Marker welcomes us back to our town during a bridge walk.
Husband Walter and I were out yesterday morning with the sunrise, driving a few miles to the Biloxi Bay Bridge that connects Ocean Springs to Biloxi, our neighbor across the bay.
The bridge is one of my favorite destinations for “walking therapy.” I always carry my little Canon point-and-shoot camera on bridge walks. Attempting to hold my camera steady is a good exercise in balancing.
But I grow more like my Hubby as the years pass. Our interest in shooting pictures, well, really our interest in any outdoor activity, increases as the temperature decreases.
Hubby experiments with a new-to-him pocket-sized camera.
This Thursday morning was pleasantly cool. In the early morning light I pulled out my camera to document that my therapeutic walking encompassed two cities and two counties.
I had set a goal for myself to walk the length of the bridge and back by the end of September. When I set that goal, most of 2013 was still in the future. Weather, toe problems, travel and family priorities—our family circumstances as well as those of walking buddies, kept postponing any consistent walking.
Now there are just 10 days left until September 30. On this latest excursion the farthest I walked was a little more than .7 mile, 1.4 miles roundtrip. That is less than half the distance of the round trip from our side of the bridge to the Biloxi end and back.
Whether I accomplish my goal by September 30, 2013, or not, I am just happy to be back walking.
I am also happy to be back in physical therapy for a “tune up” on my walking. Ashley, my physical therapist and director of the Ocean Springs Hospital Neuro Rehab Clinic, finds so many ways to help make my parts work better together and to jump start those that are not working much at all.
One difference in my recent therapy has been inclusion of the adjacent pediatric gym and its connecting hallways in my walking circuit. I have been in there twice now, once when the gym was empty of youngsters and once when little ones were in therapy. I could hear them but only saw blurs. The maneuvers Ashley had me doing required my total attention.
Evidently the pediatric therapists are including the adult gym in the kids’ walking, too. As I was making my way across the gym to exit after my therapy session yesterday, there was a slim little chocolate brown youngster maybe four years old, probably younger.
My eyes went first to his feet. He wore happy-looking neon, watermelon-red flippers, the kind kids wear swimming.
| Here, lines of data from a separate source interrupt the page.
lemma plane_spanned_by_line:
  assumes "plane P" and m: "m \<in> L" "m \<subseteq> P"
  obtains s where "s \<in> X" "s \<notin> m" "P = hull (m \<union> {s})"
proof -
  obtain l p where l: "l \<in> L" and p: "p \<in> X" "p \<notin> l" and P: "P = hull (l \<union> {p})"
    using assms(1) unfolding plane_def by blast
  show ?thesis
  proof (cases "m = l")
    case True
    then show ?thesis using that p P by blast
  next
    case False
    obtain u where u: "u \<in> m" "u \<notin> l" using line_not_subset[OF m(1) l False] .
    obtain s where s: "s \<in> l" "s \<notin> m" using line_not_subset[OF l m(1)] False by metis
    obtain t where t: "t \<in> l" "t \<noteq> s" using line_other_point[OF l s(1)] .
    obtain v where v: "v \<in> m" "v \<noteq> u" using line_other_point[OF m(1) u(1)] .
    have X: "s \<in> X" "t \<in> X" "u \<in> X" "v \<in> X"
      using s t u v l m line_subset by blast+
    have "s \<noteq> u" using s u by blast
    then have su: "line s u \<in> L" "s \<in> line s u" "u \<in> line s u"
      using lineThrough_in_L X by blast+
    have l_eq: "l = line s t" using lineThrough_eq_line[OF l s(1) t(1)] t(2) by simp
    have m_eq: "m = line u v" using lineThrough_eq_line[OF m(1) u(1) v(1)] v(2) by simp
    have "u \<in> P" using u(1) m(2) by blast
    then have "P = hull (l \<union> {u})"
      using P hull_insert_exchange_eq[OF flat_line[OF l] p(1), of u] u(2) by simp
    also have "\<dots> = hull (line s u \<union> {t})"
      using l_eq hull_line_insert_swap X by simp
    also have "\<dots> = hull (line s u \<union> {v})"
    proof (rule hull_insert_exchange_eq[OF flat_line[OF su(1)] X(2), symmetric])
      show "v \<in> hull (line s u \<union> {t})" using calculation v(1) m(2) by blast
      show "v \<notin> line s u" using lines_eqI[OF m(1) su(1) u(1) v(1) su(3)] v(2) s(2) su(2) by blast
    qed
    also have "\<dots> = hull (m \<union> {s})"
      using m_eq hull_line_insert X by (simp add: insert_commute)
    finally show ?thesis using that X(1) s(2) by blast
  qed
qed

lemma plane_eq_hull_line_insert:
  assumes "plane P" "m \<in> L" "m \<subseteq> P" "q \<in> P" "q \<notin> m"
  shows "P = hull (m \<union> {q})"
proof -
  obtain s where s: "s \<in> X" "P = hull (m \<union> {s})"
    using plane_spanned_by_line assms(1-3) by blast
  then show ?thesis
    using hull_insert_exchange_eq[OF flat_line[OF assms(2)] s(1), of q] assms(4,5) by simp
qed

lemma hull_insert_meets_plane:
  assumes Q: "flat X L Q" "a \<in> Q" and b: "b \<in> X" "b \<notin> Q"
    and x: "x \<in> hull (Q \<union> {b})" "x \<notin> Q" "x \<notin> line a b"
  obtains q where "q \<in> Q" "q \<noteq> a" "q \<in> hull {a, b, x}"
proof -
  obtain y q where y: "y \<in> line a b" and q: "q \<in> Q" and xqy: "x \<in> line q y"
    using mem_hull_insert_cone[OF Q b x(1)] .
  have QX: "Q \<subseteq> X" using flat_subset[OF Q(1)] .
  have aX: "a \<in> X" and qX: "q \<in> X" using Q(2) q QX by blast+
  have yX: "y \<in> X" using y lineThrough_subset[OF aX b(1)] by blast
  have "x \<in> X" using x(1) hull_subset_X[of "Q \<union> {b}"] QX b(1) by blast
  then have abx: "{a, b, x} \<subseteq> X" using aX b(1) by blast
  have "y \<noteq> a" using xqy flat_lineThrough_subset[OF Q(1) q Q(2)] x(2) by blast
  then have aby: "line a y = line a b" using lineThrough_eq[OF aX b(1) y] by simp
  have "x \<noteq> y" using y x(3) by blast
  then have "line y x = line y q"
    using lineThrough_eq[OF yX qX] xqy lineThrough_commute[OF qX yX] by simp
  then have "q \<in> line y x" using right_in_lineThrough[OF yX qX] by simp
  moreover have hull_abx: "a \<in> hull {a, b, x}" "b \<in> hull {a, b, x}" "x \<in> hull {a, b, x}"
    using hull_subset[of "{a, b, x}"] by blast+
  then have "y \<in> hull {a, b, x}" using lineThrough_subset_hull[OF abx] y by blast
  then have "line y x \<subseteq> hull {a, b, x}" using lineThrough_subset_hull[OF abx] hull_abx(3) by blast
  moreover have "q \<noteq> a" using xqy aby x(3) by blast
  ultimately show ?thesis using that q by blast
qed

lemma plane_transversal:
  assumes P: "plane P" and A: "A \<in> L" "A \<subseteq> P" and E: "E \<in> L" "E \<subseteq> P" and "A \<noteq> E"
    and e: "e \<in> A" "e \<in> E" and d: "d \<in> P" "d \<notin> A" "d \<notin> E"
  obtains f y where "f \<in> A" "y \<in> E" "f \<noteq> e" "y \<noteq> e" "d \<in> line f y"
proof -
  obtain y1 where y1: "y1 \<in> E" "y1 \<noteq> e" using line_other_point[OF E(1) e(2)] .
  have "y1 \<notin> A" using lines_eqI[OF A(1) E(1) e(1) _ e(2) y1(1)] y1(2) \<open>A \<noteq> E\<close> by metis
  then have "P = hull (A \<union> {y1})"
    using plane_eq_hull_line_insert[OF P A] y1(1) E(2) by blast
  then have "d \<in> hull (A \<union> {y1})" using d(1) by simp
  moreover have "y1 \<in> X" using y1(1) E(1) line_subset by blast
  ultimately obtain y f where y: "y \<in> line e y1" and f: "f \<in> A" and df: "d \<in> line f y"
    using mem_hull_insert_cone[OF flat_line[OF A(1)] e(1) _ \<open>y1 \<notin> A\<close>] by blast
  have yE: "y \<in> E" using y lineThrough_eq_line[OF E(1) e(2) y1(1)] y1(2) by simp
  have "f \<noteq> e" using df flat_lineThrough_subset[OF flat_line[OF E(1)] _ yE] e(2) d(3) by blast
  moreover have "y \<noteq> e" using df flat_lineThrough_subset[OF flat_line[OF A(1)] f] e(1) d(2) by blast
  ultimately show ?thesis using that f yE df by blast
qed

text \<open>
  The plane of a, b, x meets Q = hull (E \<union> {a}) in a point q \<noteq> a, and the line a q misses D since
  a common point would put Q, hence a, into hull (E \<union> {b}).
\<close>
lemma noncoplanar_common_line:
  assumes A: "A \<in> L" "a \<in> A" "A \<subseteq> hull (D \<union> {a})" and D: "D \<in> L" "b \<in> D" "D \<subseteq> hull (E \<union> {b})"
    and E: "E \<in> L" and disj: "A \<inter> D = {}" "D \<inter> E = {}" and a: "a \<notin> hull (E \<union> {b})"
    and x: "x \<in> A" "x \<notin> hull (E \<union> {a})"
  obtains l where "l \<in> L" "a \<in> l" "l \<subseteq> hull (D \<union> {a})" "l \<subseteq> hull (E \<union> {a})" "l \<inter> D = {}"
proof -
  define P where "P = hull (D \<union> {a})"
  define Q where "Q = hull (E \<union> {a})"
  define R where "R = hull (E \<union> {b})"
  have DX: "D \<subseteq> X" and EX: "E \<subseteq> X" using D(1) E line_subset by blast+
  have aX: "a \<in> X" and bX: "b \<in> X" using A(1,2) D(2) DX line_subset by blast+
  have flatP: "flat X L P" and flatQ: "flat X L Q" and flatR: "flat X L R"
    unfolding P_def Q_def R_def using flat_hull DX EX aX bX by simp_all
  have aQ: "a \<in> Q" and EQ: "E \<subseteq> Q" unfolding Q_def using hull_subset by blast+
  have DR: "D \<subseteq> R" and ER: "E \<subseteq> R" using D(3) unfolding R_def using hull_subset by blast+
  have aP: "a \<in> P" and DP: "D \<subseteq> P" unfolding P_def using hull_subset by blast+
  have Q_inter_R: "z \<notin> R" if "z \<in> Q" "z \<notin> E" for z
    using hull_insert_subset_flat[OF flat_line[OF E] aX flatR ER] that aQ a unfolding Q_def R_def by blast
  have "b \<notin> Q" using Q_inter_R[of b] D(2) DR disj(2) by blast
  have "D \<union> {a} \<subseteq> hull (Q \<union> {b})"
    using DR hull_mono[of "E \<union> {b}" "Q \<union> {b}"] EQ aQ hull_subset[of "Q \<union> {b}"]
    unfolding R_def by blast
  then have "x \<in> hull (Q \<union> {b})"
    using hull_subset_hullI[of "Q \<union> {b}" "D \<union> {a}"] flat_subset[OF flatQ] bX x(1) A(3) by blast
  moreover have "x \<notin> line a b"
  proof -
    have "b \<notin> A" "x \<noteq> a" using D(2) disj(1) x(2) aQ unfolding Q_def by blast+
    then show ?thesis using lineThrough_inter_flat[OF flat_line[OF A(1)] A(2) bX] x(1) by blast
  qed
  ultimately obtain q where q: "q \<in> Q" "q \<noteq> a" "q \<in> hull {a, b, x}"
    using hull_insert_meets_plane[OF flatQ aQ bX \<open>b \<notin> Q\<close>] x(2) unfolding Q_def by blast
  have "{a, b, x} \<subseteq> P" using A(3) x(1) aP D(2) DP unfolding P_def by blast
  then have "q \<in> P" using hull_least[OF flatP] q(3) by blast
  have "q \<in> X" using q(1) flat_subset[OF flatQ] by blast
  then have l: "line a q \<in> L" "a \<in> line a q"
    using lineThrough_in_L[OF aX _ q(2)[symmetric]] by simp_all
  have lP: "line a q \<subseteq> P" using flat_lineThrough_subset[OF flatP aP \<open>q \<in> P\<close>] .
  have lQ: "line a q \<subseteq> Q" using flat_lineThrough_subset[OF flatQ aQ q(1)] .
  have "line a q \<inter> D = {}" using Q_inter_R lQ DR disj(2) by blast
  then show ?thesis using that l lP lQ unfolding P_def Q_def by blast
qed

lemma subparallel_disjoint_line:
  assumes A: "flat X L A" "a \<in> A" "x \<in> A" "x \<noteq> a" and B: "flat X L B" "b \<in> B"
    and "subparallel X L A B" "A \<inter> B = {}"
  obtains l where "l \<in> L" "b \<in> l" "l \<subseteq> B" "line a x \<subseteq> hull (l \<union> {a})"
proof -
  have AX: "A \<subseteq> X" and BX: "B \<subseteq> X" using A(1) B(1) flat_subset by blast+
  have aX: "a \<in> X" and bX: "b \<in> X" using A(2) B(2) AX BX by blast+
  have "a \<notin> B" using A(2) \<open>A \<inter> B = {}\<close> by blast
  have "x \<in> hull (B \<union> {a})"
    using \<open>subparallel X L A B\<close> A(2,3) unfolding subparallel_def by (simp add: Un_commute subset_iff)
  then obtain y b' where y: "y \<in> line b a" and b': "b' \<in> B" and xb'y: "x \<in> line b' y"
    using mem_hull_insert_cone[OF B aX \<open>a \<notin> B\<close>] by blast
  have yX: "y \<in> X" and b'X: "b' \<in> X" using y lineThrough_subset[OF bX aX] b' BX by blast+
  have "b' \<noteq> b"
  proof
    assume "b' = b"
    then have "x \<in> line a b"
      using xb'y flat_lineThrough_subset[OF flat_lineThrough[OF bX aX] left_in_lineThrough[OF bX aX] y]
        lineThrough_commute[OF aX bX] by blast
    then show False
      using lineThrough_inter_flat[OF A(1,2) bX] A(3,4) B(2) \<open>A \<inter> B = {}\<close> by blast
  qed
  then have l: "line b b' \<in> L" "b \<in> line b b'" "b' \<in> line b b'"
    using lineThrough_in_L[OF bX b'X] by metis+
  define K where "K = hull (line b b' \<union> {a})"
  have KX: "line b b' \<union> {a} \<subseteq> X" using l(1) line_subset aX by blast
  have "b \<in> K" "b' \<in> K" "a \<in> K" using l(2,3) hull_subset unfolding K_def by blast+
  then have "y \<in> K" using lineThrough_subset_hull[OF KX, of b a] y unfolding K_def by blast
  then have "x \<in> K" using lineThrough_subset_hull[OF KX, of b' y] \<open>b' \<in> K\<close> xb'y unfolding K_def by blast
  then have "line a x \<subseteq> K" using lineThrough_subset_hull[OF KX] \<open>a \<in> K\<close> unfolding K_def by blast
  moreover have "line b b' \<subseteq> B" using flat_lineThrough_subset[OF B(1,2) b'] .
  ultimately show ?thesis using that l(1,2) unfolding K_def by blast
qed

end

locale proaffine_regular_liner = regular_liner +
  assumes proaffine: "proaffine X L"
begin

text \<open>
  If A \<noteq> E, a transversal through a point o' of D meets A and E in points f \<noteq> y, and a
  transversal through e meets the line M = f y in some m \<noteq> o' and D in w. Then f and y are two
  points of the line o' m whose lines to e miss the line o' w, contradicting proaffinity.
\<close>
lemma coplanar_disjoint_lines_eq:
  assumes P: "plane P" and D: "D \<in> L" "D \<subseteq> P" and A: "A \<in> L" "A \<subseteq> P"
    and E: "E \<in> L" "E \<subseteq> P" and disj: "A \<inter> D = {}" "E \<inter> D = {}" and e: "e \<in> A" "e \<in> E"
  shows "A = E"
proof (rule ccontr)
  assume "A \<noteq> E"
  have PX: "P \<subseteq> X" and flatP: "flat X L P" using plane_subset flat_plane P by blast+
  obtain o' where o': "o' \<in> D" using line_two_points[OF D(1)] by blast
  have "o' \<in> P" "o' \<notin> A" "o' \<notin> E" using o' D(2) disj by blast+
  then obtain f y where "f \<in> A" "y \<in> E" "f \<noteq> e" "y \<noteq> e" and o'M: "o' \<in> line f y"
    using plane_transversal[OF P A E \<open>A \<noteq> E\<close> e] by metis
  note f = \<open>f \<in> A\<close> \<open>f \<noteq> e\<close> and y = \<open>y \<in> E\<close> \<open>y \<noteq> e\<close>
  have X: "o' \<in> X" "f \<in> X" "y \<in> X" using o' f(1) y(1) D(2) A(2) E(2) PX by blast+
  have "f \<noteq> y" using lines_eqI[OF A(1) E(1) e(1) f(1) e(2)] y(1) f(2) \<open>A \<noteq> E\<close> by metis
  then have M: "line f y \<in> L" "f \<in> line f y" "y \<in> line f y"
    using lineThrough_in_L X(2,3) by blast+
  define M where "M = line f y"
  have "M \<subseteq> P" unfolding M_def
    using flat_line_subset[OF flatP M \<open>f \<noteq> y\<close>] f(1) y(1) A(2) E(2) by blast
  have "e \<notin> M"
  proof
    assume "e \<in> M"
    then have "A = M" using lines_eqI[OF A(1) M(1) f(1) e(1) M(2)] f(2) unfolding M_def by simp
    then show False using lines_eqI[OF A(1) E(1) e(1) _ e(2) y(1)] M(3) y(2) \<open>A \<noteq> E\<close> unfolding M_def by blast
  qed
  moreover have "M \<noteq> D" using M(2) f(1) disj(1) unfolding M_def by blast
  moreover have "e \<in> P" "e \<notin> D" using e(1) A(2) disj(1) by blast+
  ultimately obtain m w where m: "m \<in> M" "m \<noteq> o'" and w: "w \<in> D" and emw: "e \<in> line m w"
    using plane_transversal[OF P M(1)[folded M_def] \<open>M \<subseteq> P\<close> D _ o'M[folded M_def] o'] by metis
  have mX: "m \<in> X" and wX: "w \<in> X" using m(1) w \<open>M \<subseteq> P\<close> D(2) PX by blast+
  have o'wD: "line o' w \<subseteq> D" using flat_lineThrough_subset[OF flat_line[OF D(1)] o' w] .
  have "line o' m = M" using lineThrough_eq_line[OF M(1) o'M m(1)[unfolded M_def]] m(2) unfolding M_def by simp
  moreover have "e \<in> line w m - line o' w" using emw lineThrough_commute[OF mX wX] o'wD disj(1) e(1) by auto
  moreover have "line f e \<inter> line o' w = {}"
    using lineThrough_eq_line[OF A(1) f(1) e(1) f(2)] o'wD disj(1) by auto
  moreover have "line y e \<inter> line o' w = {}"
    using lineThrough_eq_line[OF E(1) y(1) e(2) y(2)] o'wD disj(2) by auto
  ultimately have "f = y"
    using proaffine_disjoint_unique[OF proaffine X(1) wX mX] M(2,3) unfolding M_def by blast
  then show False using \<open>f \<noteq> y\<close> by contradiction
qed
“Brilliant therapy strategy,” was my first thought. With those flippers on, he had to lift his knees and feet up high with each step to walk.
The second impression hit me hard. His beautiful eyes, framed by long black lashes, were serious. This struggle is his life. He was dealing. The stoicism of that little one turned me into a blubbering, runny-nosed mess in the few yards it took me to exit to the waiting room.
Thoughts about my reaction and about the future of that little boy and other pediatric rehab patients have now taken up permanent residence in my brain.